* [DATASET RECORDS]:
══════════

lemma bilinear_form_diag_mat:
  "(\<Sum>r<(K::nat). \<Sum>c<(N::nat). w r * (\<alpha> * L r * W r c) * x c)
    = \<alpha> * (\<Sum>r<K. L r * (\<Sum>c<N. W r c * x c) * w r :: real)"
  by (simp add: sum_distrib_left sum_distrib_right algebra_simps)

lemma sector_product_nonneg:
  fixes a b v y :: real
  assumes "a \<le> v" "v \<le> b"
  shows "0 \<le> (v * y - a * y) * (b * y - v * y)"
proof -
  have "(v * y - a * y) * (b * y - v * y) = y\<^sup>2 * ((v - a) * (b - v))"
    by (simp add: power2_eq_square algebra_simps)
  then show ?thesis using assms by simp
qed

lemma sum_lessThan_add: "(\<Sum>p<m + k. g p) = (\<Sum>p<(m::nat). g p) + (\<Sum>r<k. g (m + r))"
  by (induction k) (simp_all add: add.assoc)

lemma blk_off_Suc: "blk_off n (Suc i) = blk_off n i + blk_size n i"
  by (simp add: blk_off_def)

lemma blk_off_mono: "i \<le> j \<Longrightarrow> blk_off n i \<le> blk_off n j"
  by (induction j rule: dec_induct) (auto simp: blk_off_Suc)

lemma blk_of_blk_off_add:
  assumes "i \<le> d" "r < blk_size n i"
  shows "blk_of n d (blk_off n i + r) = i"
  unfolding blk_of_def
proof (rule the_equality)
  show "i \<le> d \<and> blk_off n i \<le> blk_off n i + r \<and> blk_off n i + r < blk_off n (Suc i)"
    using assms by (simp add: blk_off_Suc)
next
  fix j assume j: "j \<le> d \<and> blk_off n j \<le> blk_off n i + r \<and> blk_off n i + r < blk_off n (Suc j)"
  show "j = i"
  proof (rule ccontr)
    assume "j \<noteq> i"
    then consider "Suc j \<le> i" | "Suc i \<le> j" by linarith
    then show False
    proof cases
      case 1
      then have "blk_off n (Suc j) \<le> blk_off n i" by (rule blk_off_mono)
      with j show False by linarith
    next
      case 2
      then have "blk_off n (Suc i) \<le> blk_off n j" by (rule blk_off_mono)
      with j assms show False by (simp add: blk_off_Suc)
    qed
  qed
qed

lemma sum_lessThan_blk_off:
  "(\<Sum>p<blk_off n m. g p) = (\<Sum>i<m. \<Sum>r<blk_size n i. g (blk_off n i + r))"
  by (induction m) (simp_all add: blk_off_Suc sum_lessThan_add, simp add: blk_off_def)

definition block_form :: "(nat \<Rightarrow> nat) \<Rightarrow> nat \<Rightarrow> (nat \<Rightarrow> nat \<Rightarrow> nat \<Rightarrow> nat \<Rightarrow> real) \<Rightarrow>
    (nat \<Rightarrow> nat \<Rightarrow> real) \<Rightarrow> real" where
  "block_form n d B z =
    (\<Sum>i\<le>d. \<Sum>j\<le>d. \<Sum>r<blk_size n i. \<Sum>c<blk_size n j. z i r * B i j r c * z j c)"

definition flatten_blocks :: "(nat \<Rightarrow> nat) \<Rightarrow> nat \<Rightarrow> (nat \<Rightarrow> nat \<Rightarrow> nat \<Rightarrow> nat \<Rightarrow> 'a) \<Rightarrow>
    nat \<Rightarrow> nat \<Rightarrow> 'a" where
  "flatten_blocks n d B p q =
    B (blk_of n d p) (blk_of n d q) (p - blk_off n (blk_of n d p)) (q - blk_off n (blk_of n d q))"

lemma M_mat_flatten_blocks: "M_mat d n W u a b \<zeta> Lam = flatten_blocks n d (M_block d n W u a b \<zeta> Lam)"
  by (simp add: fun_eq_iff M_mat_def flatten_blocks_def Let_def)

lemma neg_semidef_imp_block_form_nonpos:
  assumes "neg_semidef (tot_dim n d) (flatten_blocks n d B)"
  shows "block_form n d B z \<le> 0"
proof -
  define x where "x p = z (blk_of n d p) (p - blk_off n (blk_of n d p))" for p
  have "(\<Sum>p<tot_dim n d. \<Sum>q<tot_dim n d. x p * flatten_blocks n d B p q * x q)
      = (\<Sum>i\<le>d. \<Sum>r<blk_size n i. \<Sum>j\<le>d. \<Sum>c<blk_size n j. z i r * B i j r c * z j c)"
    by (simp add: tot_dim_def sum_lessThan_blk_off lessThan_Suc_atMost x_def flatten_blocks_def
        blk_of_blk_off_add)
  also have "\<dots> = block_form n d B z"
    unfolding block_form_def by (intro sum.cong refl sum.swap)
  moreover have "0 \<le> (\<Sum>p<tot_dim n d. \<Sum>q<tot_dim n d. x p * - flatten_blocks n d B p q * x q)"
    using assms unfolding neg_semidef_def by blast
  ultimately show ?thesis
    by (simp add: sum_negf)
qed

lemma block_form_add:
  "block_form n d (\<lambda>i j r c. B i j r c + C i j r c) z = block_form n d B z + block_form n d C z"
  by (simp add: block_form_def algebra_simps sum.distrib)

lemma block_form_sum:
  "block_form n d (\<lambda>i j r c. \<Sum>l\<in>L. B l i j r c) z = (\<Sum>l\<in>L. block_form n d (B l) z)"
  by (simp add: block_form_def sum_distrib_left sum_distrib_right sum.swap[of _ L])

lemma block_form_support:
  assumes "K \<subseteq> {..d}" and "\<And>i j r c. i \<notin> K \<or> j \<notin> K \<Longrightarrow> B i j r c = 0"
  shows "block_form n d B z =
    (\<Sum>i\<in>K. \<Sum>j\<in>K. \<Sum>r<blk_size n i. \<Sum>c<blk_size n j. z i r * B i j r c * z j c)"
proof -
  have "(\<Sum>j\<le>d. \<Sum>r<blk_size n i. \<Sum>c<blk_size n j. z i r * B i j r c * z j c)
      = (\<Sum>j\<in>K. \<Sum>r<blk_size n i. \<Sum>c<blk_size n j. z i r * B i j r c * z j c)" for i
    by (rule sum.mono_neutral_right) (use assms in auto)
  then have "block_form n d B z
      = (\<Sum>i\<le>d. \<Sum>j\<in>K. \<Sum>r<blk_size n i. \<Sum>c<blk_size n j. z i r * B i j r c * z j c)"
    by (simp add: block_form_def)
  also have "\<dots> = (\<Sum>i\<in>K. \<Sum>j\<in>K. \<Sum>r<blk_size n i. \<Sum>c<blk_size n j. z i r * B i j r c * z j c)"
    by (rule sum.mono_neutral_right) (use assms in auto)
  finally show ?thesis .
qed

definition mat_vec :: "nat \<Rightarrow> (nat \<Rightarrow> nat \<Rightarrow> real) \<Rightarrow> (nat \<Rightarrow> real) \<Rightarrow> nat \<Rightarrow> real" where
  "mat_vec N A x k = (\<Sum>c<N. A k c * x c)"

══════════

* [PROBLEM REQUIREMENTS]:
Check each line above for the string "assms" and copy every line that has it.

* [SOLUTION FOR THIS PROBLEM]:
  then show ?thesis using assms by simp
    using assms by (simp add: blk_off_Suc)
      with j assms show False by (simp add: blk_off_Suc)
    using assms unfolding neg_semidef_def by blast
    by (rule sum.mono_neutral_right) (use assms in auto)
    by (rule sum.mono_neutral_right) (use assms in auto)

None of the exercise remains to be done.